For the time being, I'm not gonna tell Google about this breach. I will give the paranoids a chance to publich their stuff on the web, using this trick, thereby saving precious diskspace on their webhosts. See how long we can have our secret pages on the web with this tool.


Will search engines index gzipped HTML files?

The following text is dutch slang, so don't try to translate it if this is not your native language. The english equivalent of the text would be something like Eenyweeny rulez. The essence was to use a sentence that is not available elsewhere on the internet. And I found one:

Pineukeltje rulez! En de frutselkip legt een ei.
Pineukeltje rulez! En de frutselkip legt een ei.

The meaning of this ridiculous test, is to see if search engines will really index gzipped HTML files. Google reported they do, but I seriously doubt it. Until proven otherwise. Check out this option by visiting your favorite search engine and entering the text "pineukeltje rulez" or "frutselkip legt een ei". Neither frutselkip nor Pineukeltje rulez occur on the current internet.
You should end up with this same page if search engines really index gzipped HTML files. Time will tell.

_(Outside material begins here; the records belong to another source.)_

(* Let $A,B$ be finite groups equipped with probability measures $\mu$ on $A$ and $\nu$ on $B$. Let $(\mathcal{M},\tau)$ be a von Neumann algebra with a normal faithful tracial state and $U:A\to\mathcal{U}(\mathcal{M})$, $V:B\to\mathcal{U}(\mathcal{M})$ group homomorphisms. Then \[\mathbf{E}_{a\in A,b\in B}\|[U(a),V(b)]\|_2^2\leq\kappa(\mu)\kappa(\nu)\int\|[U(a),V(b)]\|_2^2\,d\mu(a)\,d\nu(b).\]
   Context: $\|x\|_2=\tau(x^*x)^{1/2}$, $[x,y]=xy-yx$, $\mathbf{E}$ is the average for the uniform probability measure. For a countable group $G$ and a probability measure $\mu$ on $G$, $\kappa(\mu)$ is the smallest number $\kappa\in[0,+\infty]$ such that for every unitary representation $(\pi,\mathcal{H})$ of $G$ and every $\xi\in\mathcal{H}$, $\|\xi-P_{\mathcal{H}^\pi}\xi\|^2\leq\frac{\kappa}{2}\int_G\|\pi(g)\xi-\xi\|^2d\mu(g)$, where $\mathcal{H}^\pi$ is the space of $\pi(G)$-invariant vectors and $P_{\mathcal{H}^\pi}$ the orthogonal projection onto it ($\kappa(\mu)=+\infty$ if no finite constant works, e.g. if the support of $\mu$ does not generate $G$; in that case the right-hand side of the claim is interpreted as $+\infty$). *)

theory Defs
  imports "HOL-Analysis.Analysis" "HOL-Algebra.Group"
begin

text \<open>A complex inner product space: a real normed vector space with a complex
scalar multiplication extending the real one and a complex inner product
(antilinear in the first, linear in the second argument) inducing the norm.\<close>

class complex_inner = real_normed_vector +
  fixes scaleC :: "complex \<Rightarrow> 'a \<Rightarrow> 'a"
    and cinner :: "'a \<Rightarrow> 'a \<Rightarrow> complex"
  assumes scaleC_add_right: "scaleC c (x + y) = scaleC c x + scaleC c y"
    and scaleC_add_left: "scaleC (c + d) x = scaleC c x + scaleC d x"
    and scaleC_scaleC: "scaleC c (scaleC d x) = scaleC (c * d) x"
    and scaleC_one: "scaleC 1 x = x"
    and scaleR_scaleC: "scaleR r x = scaleC (complex_of_real r) x"
    and cinner_cnj_commute: "cinner x y = cnj (cinner y x)"
    and cinner_add_right: "cinner x (y + z) = cinner x y + cinner x z"
    and cinner_scaleC_right: "cinner x (scaleC c y) = c * cinner x y"
    and cinner_ge_zero: "Im (cinner x x) = 0 \<and> Re (cinner x x) \<ge> 0"
    and cinner_eq_zero_iff: "cinner x x = 0 \<longleftrightarrow> x = 0"
    and norm_eq_sqrt_cinner: "norm x = sqrt (Re (cinner x x))"

class chilbert_space = complex_inner + complete_space

definition clinear_map :: "('a::complex_inner \<Rightarrow> 'b::complex_inner) \<Rightarrow> bool" where
  "clinear_map T \<longleftrightarrow> (\<forall>x y. T (x + y) = T x + T y) \<and> (\<forall>c x. T (scaleC c x) = scaleC c (T x))"

definition bounded_op :: "('a::complex_inner \<Rightarrow> 'a) \<Rightarrow> bool" where
  "bounded_op T \<longleftrightarrow> clinear_map T \<and> (\<exists>C. \<forall>x. norm (T x) \<le> C * norm x)"

definition adj :: "('a::complex_inner \<Rightarrow> 'a) \<Rightarrow> ('a \<Rightarrow> 'a)" where
  "adj T = (SOME S. \<forall>x y. cinner (T x) y = cinner x (S y))"

definition commutant :: "('a::complex_inner \<Rightarrow> 'a) set \<Rightarrow> ('a \<Rightarrow> 'a) set" where
  "commutant S = {T. bounded_op T \<and> (\<forall>s\<in>S. T \<circ> s = s \<circ> T)}"

text \<open>von Neumann algebra: a self-adjoint set of bounded operators equal to its
bicommutant (by the bicommutant theorem this is the same as a unital
weak-operator-closed *-subalgebra of B(H)).\<close>
definition von_neumann_algebra :: "('a::chilbert_space \<Rightarrow> 'a) set \<Rightarrow> bool" where
  "von_neumann_algebra M \<longleftrightarrow>
     (\<forall>x\<in>M. bounded_op x) \<and> (\<forall>x\<in>M. adj x \<in> M) \<and> commutant (commutant M) = M"

definition positive_op :: "('a::complex_inner \<Rightarrow> 'a) \<Rightarrow> bool" where
  "positive_op p \<longleftrightarrow> bounded_op p \<and> adj p = p \<and> (\<forall>v. Re (cinner v (p v)) \<ge> 0)"

definition op_le :: "('a::complex_inner \<Rightarrow> 'a) \<Rightarrow> ('a \<Rightarrow> 'a) \<Rightarrow> bool" where
  "op_le x y \<longleftrightarrow> positive_op (\<lambda>v. y v - x v)"

definition normal_functional :: "('a::chilbert_space \<Rightarrow> 'a) set \<Rightarrow> (('a \<Rightarrow> 'a) \<Rightarrow> complex) \<Rightarrow> bool" where
  "normal_functional M \<tau> \<longleftrightarrow>
     (\<forall>D s. D \<subseteq> M \<and> D \<noteq> {} \<and> (\<forall>d\<in>D. positive_op d)
        \<and> (\<forall>d1\<in>D. \<forall>d2\<in>D. \<exists>d3\<in>D. op_le d1 d3 \<and> op_le d2 d3)
        \<and> (\<exists>C. \<forall>d\<in>D. \<forall>v. norm (d v) \<le> C * norm v)
        \<and> s \<in> M \<and> (\<forall>d\<in>D. op_le d s) \<and> (\<forall>t\<in>M. (\<forall>d\<in>D. op_le d t) \<longrightarrow> op_le s t)
        \<longrightarrow> Re (\<tau> s) = (SUP d\<in>D. Re (\<tau> d)))"

definition normal_faithful_tracial_state ::
    "('a::chilbert_space \<Rightarrow> 'a) set \<Rightarrow> (('a \<Rightarrow> 'a) \<Rightarrow> complex) \<Rightarrow> bool" where
  "normal_faithful_tracial_state M \<tau> \<longleftrightarrow>
     (\<forall>x\<in>M. \<forall>y\<in>M. \<tau> (\<lambda>v. x v + y v) = \<tau> x + \<tau> y)
   \<and> (\<forall>c. \<forall>x\<in>M. \<tau> (\<lambda>v. scaleC c (x v)) = c * \<tau> x)
   \<and> (\<forall>x\<in>M. Im (\<tau> (adj x \<circ> x)) = 0 \<and> Re (\<tau> (adj x \<circ> x)) \<ge> 0)
   \<and> \<tau> id = 1
   \<and> (\<forall>x\<in>M. \<forall>y\<in>M. \<tau> (x \<circ> y) = \<tau> (y \<circ> x))
   \<and> (\<forall>x\<in>M. \<tau> (adj x \<circ> x) = 0 \<longrightarrow> x = (\<lambda>_. 0))
   \<and> normal_functional M \<tau>"

definition unitary_in :: "('a::complex_inner \<Rightarrow> 'a) set \<Rightarrow> ('a \<Rightarrow> 'a) \<Rightarrow> bool" where
  "unitary_in M u \<longleftrightarrow> u \<in> M \<and> adj u \<circ> u = id \<and> u \<circ> adj u = id"

definition unitary_hom :: "('g, 'z) monoid_scheme \<Rightarrow> ('a::complex_inner \<Rightarrow> 'a) set \<Rightarrow> ('g \<Rightarrow> 'a \<Rightarrow> 'a) \<Rightarrow> bool" where
  "unitary_hom G M U \<longleftrightarrow> (\<forall>g\<in>carrier G. unitary_in M (U g))
     \<and> (\<forall>g\<in>carrier G. \<forall>h\<in>carrier G. U (g \<otimes>\<^bsub>G\<^esub> h) = U g \<circ> U h)"

definition tnorm2_sq :: "(('a::complex_inner \<Rightarrow> 'a) \<Rightarrow> complex) \<Rightarrow> ('a \<Rightarrow> 'a) \<Rightarrow> real" where
  "tnorm2_sq \<tau> x = Re (\<tau> (adj x \<circ> x))"

definition commutator :: "('a::complex_inner \<Rightarrow> 'a) \<Rightarrow> ('a \<Rightarrow> 'a) \<Rightarrow> ('a \<Rightarrow> 'a)" where
  "commutator x y = (\<lambda>v. x (y v) - y (x v))"

definition unitary_op :: "('h::complex_inner \<Rightarrow> 'h) \<Rightarrow> bool" where
  "unitary_op T \<longleftrightarrow> clinear_map T \<and> surj T \<and> (\<forall>x. norm (T x) = norm x)"

definition unitary_rep :: "('g, 'z) monoid_scheme \<Rightarrow> ('g \<Rightarrow> 'h::complex_inner \<Rightarrow> 'h) \<Rightarrow> bool" where
  "unitary_rep G \<pi> \<longleftrightarrow> (\<forall>g\<in>carrier G. unitary_op (\<pi> g))
     \<and> (\<forall>g\<in>carrier G. \<forall>h\<in>carrier G. \<pi> (g \<otimes>\<^bsub>G\<^esub> h) = \<pi> g \<circ> \<pi> h)"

The results of a month of waiting...

It took a month or so until Google re-indexed my site. They found this particular file, as you can see in the screenshot.... Only they didn't read the contents.
The proof, you say? Well, here's the proof. Eat it!
The proof is in following the lead. It will present this same page... Enough proof for me. I'm convinced: Google does not process gzipped files, no matter what they tell to users.
To the right you see some more proof. Remember the lines above with pineukeltje and frutselkip? You won't find them as such on the internet. What more proof do you need? Gondoleesa Rice telling you it really is so?
It's clear. Google will find gzipped html files if they are listed in another webpage, but the contents are secure. Which also means that Mrs Gondoleesa Rice will never be able to find this webpage just by entering her name in a search engine's search window.

Hence: this is a secret webpage!


You can run, but you cannot hide!

You can run indeed, but hiding is very difficult. As of March 2006, at least Google searches and indexes gzipped HTML files. As can be seen in the snapshot at the left. Google found the silly sentence.
If hiding is not possible anymore by using the html.gz trick, then the only purpose for gzipping html files is space reduction on the webserver plus faster transmissions since the browser unzips the file. Not the webserver.

That's all folks! End of topic and project.


Page created on February 25, 2005